**About this exercise**
Lines before the one containing "set \<Rightarrow> nat list \<Rightarrow>" are to be left out; that line and every line after it, through the last line below, are to be reproduced exactly.

**Dataset extract**
(* Let $r\in\mathbb{R}$, $b\in\mathbb{R}$, $\mu\in\mathbb{R}^N$, and let $\Sigma\in\mathbb{R}^{N\times N}$ be a symmetric positive definite matrix. Let $E:=\{x\in\mathbb{R}^N\setminus\{0\}: b-\mu^Tx>0\}$ and define $f(x):=\left(\frac{b-\mu^Tx}{\sqrt{x^T\Sigma x}}\right)^r$ on $E$. If $r=0$, then $f$ is locally concave on $E$. If $r\neq0$, then $\mathrm{sign}(-r)\cdot f$ is locally convex on $E$ if and only if for every $x\in E$ $$\mu^T\Sigma^{-1}\mu\le(2-r)\frac{(\mu^Tx)^2}{x^T\Sigma x}-2r\sqrt{\theta}\,\frac{\mu^Tx}{\sqrt{x^T\Sigma x}}-(r+1)\theta,\qquad \theta:=\frac{(b-\mu^Tx)^2}{x^T\Sigma x}.$$ Moreover, the function $x\mapsto\ln\frac{b-\mu^Tx}{\sqrt{x^T\Sigma x}}$ is locally concave on $E$ if and only if for every $x\in E$ $$\mu^T\Sigma^{-1}\mu\le 2\frac{(\mu^Tx)^2}{x^T\Sigma x}-\theta.$$
   Context: A twice differentiable function is locally convex (resp. locally concave) on a set $A$ if its Hessian is positive semidefinite (resp. negative semidefinite) at every point of $A$. *)

theory Defs
  imports "HOL-Analysis.Analysis"
begin

definition has_hessian_at :: "(real^'n \<Rightarrow> real) \<Rightarrow> real^'n \<Rightarrow> real^'n^'n \<Rightarrow> bool" where
  "has_hessian_at f x H \<longleftrightarrow>
     (\<exists>g. (\<forall>\<^sub>F y in nhds x. (f has_derivative (\<lambda>h. g y \<bullet> h)) (at y))
          \<and> (g has_derivative (\<lambda>h. H *v h)) (at x))"

definition locally_convex_on :: "(real^'n) set \<Rightarrow> (real^'n \<Rightarrow> real) \<Rightarrow> bool" where
  "locally_convex_on A f \<longleftrightarrow>
     (\<forall>x\<in>A. \<exists>H. has_hessian_at f x H \<and> (\<forall>v. 0 \<le> v \<bullet> (H *v v)))"

definition locally_concave_on :: "(real^'n) set \<Rightarrow> (real^'n \<Rightarrow> real) \<Rightarrow> bool" where
  "locally_concave_on A f \<longleftrightarrow>
     (\<forall>x\<in>A. \<exists>H. has_hessian_at f x H \<and> (\<forall>v. v \<bullet> (H *v v) \<le> 0))"

end

theory Submission
  imports Defs
begin

text \<open>
  Put a = b - \<mu>\<bullet>x, q = x\<bullet>\<Sigma>x and L = ln (a / sqrt q). On E the function f equals exp (r L),
  so its Hessian form is r f (D^2L[v] + r (DL[v])^2). Multiplied by a^2 this is an explicit
  quadratic polynomial in \<mu>\<bullet>v, \<Sigma>x\<bullet>v and v\<bullet>\<Sigma>v, whose case r = 0 is the Hessian form of L itself.
  Its sign is decided in the geometry of the inner product u\<bullet>\<Sigma>w: splitting v = y x + w with w
  orthogonal to x, the term \<mu>\<bullet>w is the inner product of w with the part of \<Sigma>^-1\<mu> orthogonal
  to x, whose squared length is p / q for p = q (\<mu>\<bullet>\<Sigma>^-1\<mu>) - (\<mu>\<bullet>x)^2 \<ge> 0. Cauchy-Schwarz,
  which is sharp on the span of x and \<Sigma>^-1\<mu>, reduces the sign question to a binary quadratic
  form A y^2 + 2 B y g + C g^2 in y and g = (\<mu>\<bullet>w) / p, with A C - B^2 = -a^2 p (A + p); the
  criterion of the theorem is A + p \<le> 0.
\<close>

lemma symmetric_matrix_inner_commute:
  fixes S :: "real^'n^'n"
  assumes "transpose S = S"
  shows "u \<bullet> (S *v w) = w \<bullet> (S *v u)"
proof -
  have "u \<bullet> (S *v w) = (transpose S *v u) \<bullet> w"
    by (simp add: dot_lmul_matrix)
  then show ?thesis
    using assms by (simp add: inner_commute)
qed

lemma pos_def_matrix_inv_right:
  fixes S :: "real^'n^'n"
  assumes pd: "\<forall>x. x \<noteq> 0 \<longrightarrow> 0 < x \<bullet> (S *v x)"
  shows "S *v (matrix_inv S *v m) = m"
proof -
  have "\<forall>x. S *v x = 0 \<longrightarrow> x = 0"
    using pd by (metis inner_zero_right less_irrefl)
  then have "invertible S"
    using invertible_left_inverse matrix_left_invertible_ker by blast
  then have "S ** matrix_inv S = mat 1"
    unfolding invertible_def matrix_inv_def by (rule someI2_ex) blast
  then show ?thesis
    by (simp add: matrix_vector_mul_assoc)
qed
lemma focused_realizable_bridge:
  fixes E :: "'a set set"
  assumes F: "forest_hg E" and N: "\<forall>e\<in>E. line_nbrs E e \<noteq> {}" and "g \<in> E"
    and q: "q \<in> line_nbrs E (anchor E g)" "q \<noteq> g" "line_nbrs E q \<noteq> {anchor E g}"
    and IH: "\<And>E' g'. card E' < card E \<Longrightarrow> forest_hg (E' :: 'a set set) \<Longrightarrow> \<forall>e\<in>E'. line_nbrs E' e \<noteq> {} \<Longrightarrow>
      g' \<in> E' \<Longrightarrow> focused_realizable E' g'"
  shows "focused_realizable E g"
proof -
  define p where "p = anchor E g"
  have "p \<in> E" using anchor_in[OF \<open>g \<in> E\<close>] by (simp add: p_def)
  have "line_nbrs E p \<noteq> {q}"
    using line_nbrs_anchor_ne[of E g q] N \<open>g \<in> E\<close> q(2) by (simp add: p_def)
  obtain A B z where S: "E = A \<union> B" "p \<in> A" "q \<in> B" "card A < card E" "card B < card E"
    "\<forall>a\<in>A. line_nbrs A a \<noteq> {}" "\<forall>b\<in>B. line_nbrs B b \<noteq> {}"
    "\<Union>A \<inter> \<Union>B = {z}" "z \<in> p" "z \<in> q" "hdegree A z = 1" "hdegree B z = 1"
    "\<And>v. v \<in> \<Union>A - {z} \<Longrightarrow> hdegree A v = hdegree E v"
    "\<And>a b. a \<in> A \<Longrightarrow> b \<in> B \<Longrightarrow> a \<inter> b \<noteq> {} \<Longrightarrow> a = p \<and> b = q"
    by (rule line_bridge_split[OF F N \<open>p \<in> E\<close> q(1)[folded p_def] \<open>line_nbrs E p \<noteq> {q}\<close>
          q(3)[folded p_def]]) (rule that)
  have "g \<in> A"
  proof (cases E g rule: anchor_cases)
    case 1
    with S(2) show ?thesis by (simp add: p_def)
  next
    case 2
    then have "p \<inter> g \<noteq> {}" by (auto simp: line_nbrs_def p_def)
    then have "g \<notin> B" using S(14)[OF S(2)] q(2) by blast
    with S(1) \<open>g \<in> E\<close> show ?thesis by blast
  qed
  have "A \<subseteq> E" "B \<subseteq> E" using S(1) by auto
  then have "forest_hg A" "forest_hg B" using forest_hg_subset[OF F] by auto
  obtain A1 where A1: "niche_realization (\<Union>A) A A1" "\<forall>v\<in>focus_vertices A g. source_or_sink A1 v"
    using IH[OF S(4) \<open>forest_hg A\<close> S(6) \<open>g \<in> A\<close>] unfolding focused_realizable_def by blast
  obtain A2 where A2: "niche_realization (\<Union>B) B A2" "\<forall>v\<in>focus_vertices B q. source_or_sink A2 v"
    using IH[OF S(5) \<open>forest_hg B\<close> S(7,3)] unfolding focused_realizable_def by blast
  have focus_A: "v \<in> focus_vertices A g" if "v \<in> g \<union> p" "hdegree A v = 1" for v
    using focus_vertices_subset[OF \<open>A \<subseteq> E\<close> \<open>g \<in> A\<close> _ _ that(2)] S(2) that(1) by (simp add: p_def)
  have "z \<in> focus_vertices B q" using S(10,12) by (simp add: focus_vertices_def)
  with focus_A[of z] S(9,11) A1(2) A2(2)
  have "source_or_sink A1 z" "source_or_sink A2 z" by blast+
  then obtain A' where A': "niche_realization (\<Union>A \<union> \<Union>B) (A \<union> B) A'"
    "\<And>v. v \<in> \<Union>A - \<Union>B \<Longrightarrow> source_or_sink A' v \<longleftrightarrow> source_or_sink A1 v"
    by (rule niche_realization_glue[OF A1(1) A2(1) equalityD1[OF S(8)]]) (rule that)
  have "source_or_sink A' v" if v: "v \<in> focus_vertices E g" for v
  proof -
    have "q \<in> E" "q \<noteq> p" using q(1) by (auto simp: line_nbrs_def p_def)
    then have "hdegree E z = 2"
      using forest_hg_hdegree_two[OF F \<open>p \<in> E\<close>] S(9,10) by auto
    with v have "v \<noteq> z" "v \<in> g \<union> p" "hdegree E v = 1"
      by (auto simp: focus_vertices_def p_def)
    with \<open>g \<in> A\<close> S(2,8) have "v \<in> \<Union>A - \<Union>B" by blast
    with S(13)[of v] \<open>v \<noteq> z\<close> \<open>hdegree E v = 1\<close> have "hdegree A v = 1" by simp
    with focus_A \<open>v \<in> g \<union> p\<close> A1(2) A'(2) \<open>v \<in> \<Union>A - \<Union>B\<close> show ?thesis by blast
  qed
  with A'(1) show ?thesis
    unfolding focused_realizable_def S(1) by auto
qed
(* Let $d\ge2$, $n\ge1$ and let $H=(H_1,\dots,H_n):\mathbb{C}^n\to\mathbb{C}^n$ with $H_i(X)=\sum_{|\alpha|=d}\frac{H_{i,\alpha}}{\alpha!}X^\alpha$ for complex coefficients $H_{i,\alpha}$. Suppose the Jacobian matrix $JH$ satisfies $(JH)^p=0$ for some integer $1\le p\le n$. Then for every $k\ge1$, every $i\in[n]$, every $\alpha\in\mathbb{Z}^n_{\ge0}$ with $|\alpha|=(d-1)k+1$, and every length-$p$ shuffle class $\mathcal{S}$ in $\mathcal{C}_k^{(d)}$, $$\sum_{T\in\mathcal{S}}E_{i,\alpha,H}(T)=0.$$
   Context: A $d$-Catalan tree is a rooted planar tree in which each vertex has $0$ or $d$ children; $\mathcal{C}_k^{(d)}$ is the set of those with $k$ internal vertices (hence $(d-1)k+1$ leaves). For a path $(v_0,\dots,v_p)$ in $T$ ($v_i$ a child of $v_{i-1}$), the siblings of $v_1,\dots,v_p$ subtend $(d-1)p$ subtrees; the shuffle class $\mathrm{Sh}(T;v_0,\dots,v_p)\subseteq\mathcal{C}_k^{(d)}$ consists of all trees obtained from $T$ by rearranging these subtrees among the sibling positions, all else fixed; a length-$p$ shuffle class is any set of this form. A labelling of $T=(V,E)$ is a function $\tau:V\to[n]$; it is an $(i,\alpha)$ labelling if the root has type $i$ and exactly $\alpha_\ell$ leaves have type $\ell$ for each $\ell$. For an internal vertex $v$, $\mu(v)\in\mathbb{Z}^n_{\ge0}$ counts its children of each type. The $H$-weight of a labelling $\mathcal{T}=(T,\tau)$ is $\mathcal{E}_H(\mathcal{T})=\prod_{v\text{ internal}}H_{\tau(v),\mu(v)}$, and $E_{i,\alpha,H}(T):=\sum_{(i,\alpha)\text{ labellings }\mathcal{T}\text{ of }T}\mathcal{E}_H(\mathcal{T})$. $(JH)_{i,j}=\partial H_i/\partial X_j$. *)

theory Defs
  imports "HOL-Analysis.Analysis"
begin

text \<open>A rooted planar tree is encoded by its set of vertex addresses: the root is [],
  and the c-th child (0-based) of vertex v is v @ [c].\<close>

definition dcatalan_tree :: "nat \<Rightarrow> nat list set \<Rightarrow> bool" where
  "dcatalan_tree d T \<longleftrightarrow> finite T \<and> [] \<in> T \<and>
     (\<forall>v c. v @ [c] \<in> T \<longrightarrow> v \<in> T) \<and>
     (\<forall>v\<in>T. (\<forall>c. v @ [c] \<notin> T) \<or> (\<forall>c. v @ [c] \<in> T \<longleftrightarrow> c < d))"

definition internal_vertices :: "nat list set \<Rightarrow> nat list set" where
  "internal_vertices T = {v \<in> T. \<exists>c. v @ [c] \<in> T}"

definition leaves :: "nat list set \<Rightarrow> nat list set" where
  "leaves T = {v \<in> T. \<forall>c. v @ [c] \<notin> T}"

definition catalan_set :: "nat \<Rightarrow> nat \<Rightarrow> nat list set set" where
  "catalan_set d k = {T. dcatalan_tree d T \<and> card (internal_vertices T) = k}"

definition subtree_at :: "nat list set \<Rightarrow> nat list \<Rightarrow> nat list set" where
  "subtree_at T v = {w. v @ w \<in> T}"

text \<open>Path (v_0,...,v_p) given by v_0 and the child indices cs, v_i = v_0 @ take i cs.
  Sibling positions of v_1,...,v_p.\<close>
definition sibling_positions :: "nat \<Rightarrow> nat list \<Rightarrow> nat list \<Rightarrow> nat list set" where
  "sibling_positions d v0 cs =
     {v0 @ take i cs @ [c] | i c. i < length cs \<and> c < d \<and> c \<noteq> cs ! i}"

**Completed task**
definition subtree_at :: "nat list set \<Rightarrow> nat list \<Rightarrow> nat list set" where
  "subtree_at T v = {w. v @ w \<in> T}"

text \<open>Path (v_0,...,v_p) given by v_0 and the child indices cs, v_i = v_0 @ take i cs.
  Sibling positions of v_1,...,v_p.\<close>
definition sibling_positions :: "nat \<Rightarrow> nat list \<Rightarrow> nat list \<Rightarrow> nat list set" where
  "sibling_positions d v0 cs =
     {v0 @ take i cs @ [c] | i c. i < length cs \<and> c < d \<and> c \<noteq> cs ! i}"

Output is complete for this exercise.